• **DATA TO EXAMINE**:

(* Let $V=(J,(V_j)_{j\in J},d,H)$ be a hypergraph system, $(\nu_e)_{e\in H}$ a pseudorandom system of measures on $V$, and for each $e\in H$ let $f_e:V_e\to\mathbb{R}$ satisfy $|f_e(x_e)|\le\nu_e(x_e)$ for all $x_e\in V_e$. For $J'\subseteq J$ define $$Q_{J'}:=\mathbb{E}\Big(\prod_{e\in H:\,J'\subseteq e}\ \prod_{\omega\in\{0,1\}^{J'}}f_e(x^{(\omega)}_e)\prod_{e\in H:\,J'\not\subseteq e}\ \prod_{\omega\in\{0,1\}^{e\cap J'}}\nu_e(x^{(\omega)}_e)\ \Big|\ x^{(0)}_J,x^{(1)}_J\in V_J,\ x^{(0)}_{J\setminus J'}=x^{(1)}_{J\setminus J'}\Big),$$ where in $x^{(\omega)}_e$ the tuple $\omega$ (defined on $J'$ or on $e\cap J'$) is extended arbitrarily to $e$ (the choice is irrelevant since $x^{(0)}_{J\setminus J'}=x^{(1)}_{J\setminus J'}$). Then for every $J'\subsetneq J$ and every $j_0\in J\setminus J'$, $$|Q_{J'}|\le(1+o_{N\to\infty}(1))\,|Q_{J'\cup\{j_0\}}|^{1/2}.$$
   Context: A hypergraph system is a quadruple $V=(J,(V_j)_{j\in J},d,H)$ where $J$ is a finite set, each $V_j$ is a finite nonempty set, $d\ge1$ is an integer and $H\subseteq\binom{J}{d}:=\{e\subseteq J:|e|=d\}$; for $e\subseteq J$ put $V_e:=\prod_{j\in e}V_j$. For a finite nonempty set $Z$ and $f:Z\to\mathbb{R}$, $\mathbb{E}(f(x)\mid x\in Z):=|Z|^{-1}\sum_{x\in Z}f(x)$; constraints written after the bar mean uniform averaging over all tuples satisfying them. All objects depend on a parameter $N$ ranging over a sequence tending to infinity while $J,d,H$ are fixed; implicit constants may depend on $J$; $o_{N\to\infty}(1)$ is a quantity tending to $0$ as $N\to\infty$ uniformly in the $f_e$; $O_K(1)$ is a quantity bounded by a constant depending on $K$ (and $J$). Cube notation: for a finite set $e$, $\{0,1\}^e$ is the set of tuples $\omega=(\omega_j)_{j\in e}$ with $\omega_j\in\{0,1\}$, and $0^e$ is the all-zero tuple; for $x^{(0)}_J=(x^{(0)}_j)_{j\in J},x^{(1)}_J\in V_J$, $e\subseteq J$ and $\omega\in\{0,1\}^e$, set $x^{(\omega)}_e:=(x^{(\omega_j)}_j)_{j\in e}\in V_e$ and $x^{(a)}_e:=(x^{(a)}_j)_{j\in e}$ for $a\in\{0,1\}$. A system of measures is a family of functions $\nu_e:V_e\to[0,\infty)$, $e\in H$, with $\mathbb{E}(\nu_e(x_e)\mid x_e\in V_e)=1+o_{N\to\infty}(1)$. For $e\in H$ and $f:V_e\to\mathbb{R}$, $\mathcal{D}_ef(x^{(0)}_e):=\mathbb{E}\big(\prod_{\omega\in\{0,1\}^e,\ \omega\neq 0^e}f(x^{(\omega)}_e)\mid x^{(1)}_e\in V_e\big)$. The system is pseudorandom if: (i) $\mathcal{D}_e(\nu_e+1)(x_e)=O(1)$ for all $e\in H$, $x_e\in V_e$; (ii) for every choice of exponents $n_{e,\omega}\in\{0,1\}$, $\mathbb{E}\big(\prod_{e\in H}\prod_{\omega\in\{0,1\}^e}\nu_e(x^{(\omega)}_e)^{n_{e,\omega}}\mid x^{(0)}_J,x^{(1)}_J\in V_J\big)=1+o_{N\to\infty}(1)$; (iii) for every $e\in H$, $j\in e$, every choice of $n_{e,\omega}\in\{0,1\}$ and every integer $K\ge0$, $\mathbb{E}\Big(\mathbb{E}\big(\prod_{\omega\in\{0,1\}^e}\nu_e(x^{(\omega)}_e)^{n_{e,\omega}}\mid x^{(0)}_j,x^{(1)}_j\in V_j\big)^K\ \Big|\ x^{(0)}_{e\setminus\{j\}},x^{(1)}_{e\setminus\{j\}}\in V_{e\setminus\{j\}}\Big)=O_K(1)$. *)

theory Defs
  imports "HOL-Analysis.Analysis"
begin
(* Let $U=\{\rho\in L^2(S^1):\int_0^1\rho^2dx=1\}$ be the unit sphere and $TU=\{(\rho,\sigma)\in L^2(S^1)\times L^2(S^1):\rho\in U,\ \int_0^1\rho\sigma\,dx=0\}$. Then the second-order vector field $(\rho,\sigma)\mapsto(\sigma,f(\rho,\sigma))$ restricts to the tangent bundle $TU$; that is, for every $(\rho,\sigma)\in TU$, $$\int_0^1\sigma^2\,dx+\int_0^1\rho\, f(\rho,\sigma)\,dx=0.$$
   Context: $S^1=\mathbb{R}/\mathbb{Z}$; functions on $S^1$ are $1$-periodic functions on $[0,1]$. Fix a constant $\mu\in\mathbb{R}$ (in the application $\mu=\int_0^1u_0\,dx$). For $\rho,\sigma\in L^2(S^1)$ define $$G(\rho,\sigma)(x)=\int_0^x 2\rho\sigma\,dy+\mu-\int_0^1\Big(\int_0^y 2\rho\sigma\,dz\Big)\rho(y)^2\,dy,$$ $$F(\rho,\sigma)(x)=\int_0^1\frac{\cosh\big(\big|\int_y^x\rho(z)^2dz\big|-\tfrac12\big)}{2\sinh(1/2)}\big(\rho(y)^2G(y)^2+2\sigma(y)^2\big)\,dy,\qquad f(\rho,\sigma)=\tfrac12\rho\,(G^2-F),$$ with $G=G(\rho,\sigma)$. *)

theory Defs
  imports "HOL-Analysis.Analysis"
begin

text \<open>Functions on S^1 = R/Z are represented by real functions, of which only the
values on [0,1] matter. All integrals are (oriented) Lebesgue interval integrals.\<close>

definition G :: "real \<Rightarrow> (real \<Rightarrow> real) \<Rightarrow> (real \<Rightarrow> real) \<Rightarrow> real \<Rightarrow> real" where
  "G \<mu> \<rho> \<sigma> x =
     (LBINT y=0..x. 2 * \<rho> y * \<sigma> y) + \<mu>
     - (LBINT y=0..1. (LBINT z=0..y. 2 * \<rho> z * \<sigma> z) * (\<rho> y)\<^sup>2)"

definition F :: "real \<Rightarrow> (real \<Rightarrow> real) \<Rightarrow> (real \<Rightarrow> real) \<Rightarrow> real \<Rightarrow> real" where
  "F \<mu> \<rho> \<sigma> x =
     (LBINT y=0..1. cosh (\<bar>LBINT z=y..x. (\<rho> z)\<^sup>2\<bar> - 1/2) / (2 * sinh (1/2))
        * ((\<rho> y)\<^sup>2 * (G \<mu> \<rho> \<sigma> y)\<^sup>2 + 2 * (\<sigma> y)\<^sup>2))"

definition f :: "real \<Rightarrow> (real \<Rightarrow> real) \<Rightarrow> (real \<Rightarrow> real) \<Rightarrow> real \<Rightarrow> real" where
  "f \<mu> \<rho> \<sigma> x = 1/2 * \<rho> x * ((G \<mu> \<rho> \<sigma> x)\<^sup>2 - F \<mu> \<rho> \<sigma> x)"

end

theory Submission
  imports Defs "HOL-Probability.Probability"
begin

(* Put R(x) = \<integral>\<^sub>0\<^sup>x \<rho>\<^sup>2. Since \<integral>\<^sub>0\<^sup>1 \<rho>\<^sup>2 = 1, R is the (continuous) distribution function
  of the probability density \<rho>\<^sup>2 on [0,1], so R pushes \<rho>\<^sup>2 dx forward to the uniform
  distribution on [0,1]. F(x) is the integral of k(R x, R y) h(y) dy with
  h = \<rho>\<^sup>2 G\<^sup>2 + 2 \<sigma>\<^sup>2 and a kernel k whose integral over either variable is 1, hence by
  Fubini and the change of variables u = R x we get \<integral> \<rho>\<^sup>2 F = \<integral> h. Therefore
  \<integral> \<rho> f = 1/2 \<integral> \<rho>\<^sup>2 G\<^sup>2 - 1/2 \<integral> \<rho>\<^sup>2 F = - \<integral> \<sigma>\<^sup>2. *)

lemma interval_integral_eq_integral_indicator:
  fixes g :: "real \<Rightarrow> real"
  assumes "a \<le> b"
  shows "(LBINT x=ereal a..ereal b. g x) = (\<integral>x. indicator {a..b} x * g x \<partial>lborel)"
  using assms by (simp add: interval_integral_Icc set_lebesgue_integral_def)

• **PROBLEM**: I need each line of the entries that holds the string "LBINT" located and copied.

• **RESPONSE TO THIS TASK**:
     (LBINT y=0..x. 2 * \<rho> y * \<sigma> y) + \<mu>
     - (LBINT y=0..1. (LBINT z=0..y. 2 * \<rho> z * \<sigma> z) * (\<rho> y)\<^sup>2)"
     (LBINT y=0..1. cosh (\<bar>LBINT z=y..x. (\<rho> z)\<^sup>2\<bar> - 1/2) / (2 * sinh (1/2))
  shows "(LBINT x=ereal a..ereal b. g x) = (\<integral>x. indicator {a..b} x * g x \<partial>lborel)"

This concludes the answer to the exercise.